A second species of Nimbacinus, N. richi, has been described from Bullock Creek (Murray and Megirian 2000), However, the validity of this as a separate species has been questioned by Wroe and Musser (2001), who state that the specific differences described (the relative sizes of the entoconid) might be attributed to variation within N. dicksoni.

Evolutionary relationships

The discoveries of so many new thylacine species over the past two decades re-ignites the debate over thylacine relationships and over who their immediate ancestors were. The traditional view has been that thylacines were descended from a dasyurid ancestor perhaps during the Oligocene. The first phylogenetic analysis incorporating data from Nimbacinus dicksoni found an alternative result, that thylacinids were actually the older and more 'primitive' group and that dasyurids were a newer and more specialized group (Wroe and Musser 2001). The results of a subsequent analysis of thylacine relationships (in a paper describing another Miocene thylacine, Mutpuracinus) retrieved the traditional traditional arrangement, with thylacines above dasyurids in the dasyuromorphian tree (Murray and Megirian 2006). No further studies based on firsthand investigation of fossil thylacines have been published. The question of thylacinid relationships must therefore be considered unresolved. Study of the Nimbacinus skeleton will undoubtedly shed light on the question of thylacine affinities.

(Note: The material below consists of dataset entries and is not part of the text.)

lemma finite_limpts_imp_conv:
  assumes B: "B \<subseteq> Q01" and fin: "finite {p. p islimpt B}"
  shows "B \<in> conv"
proof (cases "finite B")
  case True
  then show ?thesis using B by (rule finite_in_conv)
next
  case False
  define F where "F = {p. p islimpt B}"
  have "B \<subseteq> {0..1}" using B unfolding Q01_def by auto
  then have "F \<noteq> {}"
    using Heine_Borel_imp_Bolzano_Weierstrass[OF compact_Icc False] unfolding F_def by blast
  \<comment> \<open>Split \<open>B\<close> according to the nearest limit point; each piece converges to its point.\<close>
  define g where "g b = arg_min_on (\<lambda>q. dist b q) F" for b
  have g: "g b \<in> F \<and> (\<forall>q\<in>F. dist b (g b) \<le> dist b q)" for b
    using arg_min_if_finite[OF fin[folded F_def] \<open>F \<noteq> {}\<close>, of "\<lambda>q. dist b q"]
    unfolding g_def by force
  define Bp where "Bp p = {b\<in>B. g b = p}" for p
  have pieces: "Bp p \<in> conv" if "p \<in> F" for p
  proof (rule conv_if_tendsto_outside_finite)
    show "Bp p \<subseteq> Q01" using B unfolding Bp_def by blast
    show "p \<in> {0..1}" using limpt_Q01_in_Icc[OF B] that unfolding F_def by blast
    fix e :: real assume "e > 0"
    show "finite {b\<in>Bp p. e \<le> dist b p}"
    proof (rule ccontr)
      let ?Far = "{b\<in>Bp p. e \<le> dist b p}"
      assume "infinite ?Far"
      moreover have "?Far \<subseteq> {0..1}" using B unfolding Bp_def Q01_def by auto
      ultimately obtain z where z: "z islimpt ?Far"
        using Heine_Borel_imp_Bolzano_Weierstrass[OF compact_Icc] by blast
      then have "z islimpt B" by (rule islimpt_subset) (auto simp: Bp_def)
      then have "z \<in> F" unfolding F_def by simp
      from z \<open>e > 0\<close> obtain b where b: "b \<in> ?Far" "dist b z < e"
        unfolding islimpt_approachable by blast
      then have "dist b p \<le> dist b z" using g[of b] \<open>z \<in> F\<close> unfolding Bp_def by auto
      with b show False by simp
    qed
  qed
  have "B = (\<Union>p\<in>F. Bp p)" using g unfolding Bp_def by blast
  moreover have "(\<Union>p\<in>F. Bp p) \<in> conv" by (rule conv_UN[OF fin[folded F_def] pieces])
  ultimately show ?thesis by (rule ssubst)
qed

  • Muirhead, J. and Archer, M. 1990. Nimbacinus dicksoni, a plesiomorphic thylacine (Marsupialia, Thylacinidae) from Tertiary deposits of Queensland and the Northern Territory. Memoirs of the Queensland Museum 28, 203-221.
  • Muirhead, J. 1992. A specialized thylacinid, Thylacinus macknessi (Marsupialia: Thylacinidae) from the Miocene deposits of Riversleigh, northwestern Queensland. Australian Mammalogy 15, 67-76.
  • Muirhead, J. 1997. Two new early Miocene thylacines from Riversleigh, northwestern Queensland. Memoirs of the Queensland Museum 41, 367-377.
  • Muirhead, J. and Wroe, S. 1998. A new genus and species, Badjicinus turnbulligen. et sp. nov. (Thylacinidae: Marsupialia), from the late Oligocene of Riversleigh, northern Australia, and an investigation of thylacinid phylogeny. Journal of Vertebrate Paleontology 18, 612-626.
  • Murray, P. F. and Megirian, D. 2000. Two new genera and three new species of Thylacinidae (Marsupialia) from the Miocene of the Northern Territory. The Beagle, Records of the Museums and Art Galleries of the Northern Territory 16, 145-162.
  • Murray, P. F. and Megirian, D. 2006. Cranial morphology of the Miocene thylacinid Mutpuracinus archibaldi (Thylacinidae, Marsupialia) and relationships within the Dasyuromorphia. Pp. 229-276 in Reed, L., Bourne, S., Megirian, D., Prideaux, G., Young, G. and Wright, A. (eds) Proceedings of CAVEPS 2005, Alcheringa Special Issue 1.
  • Wroe, S. and Musser, A. M. 2001. The skull of Nimbacinus dicksoni (Thylacinidae: Marsupialia). Australian Journal of Zoology 49, 487-514.
  • Wroe, S., McHenry, C. and Thompson, J. 2005. Bite Club: comparative bite force in big biting mammals and the prediction of predatory behaviour in fossil taxa. Proceedings of the Royal Society B doi:10.1098/rspb.2004.2986.

Further reading

  • Long, J. A. et al. 2002. Prehistoric Mammals of Australia and New Guinea: One Hundred Million Years of Evolution. Johns Hopkins University Press, Baltimore, 240 pp.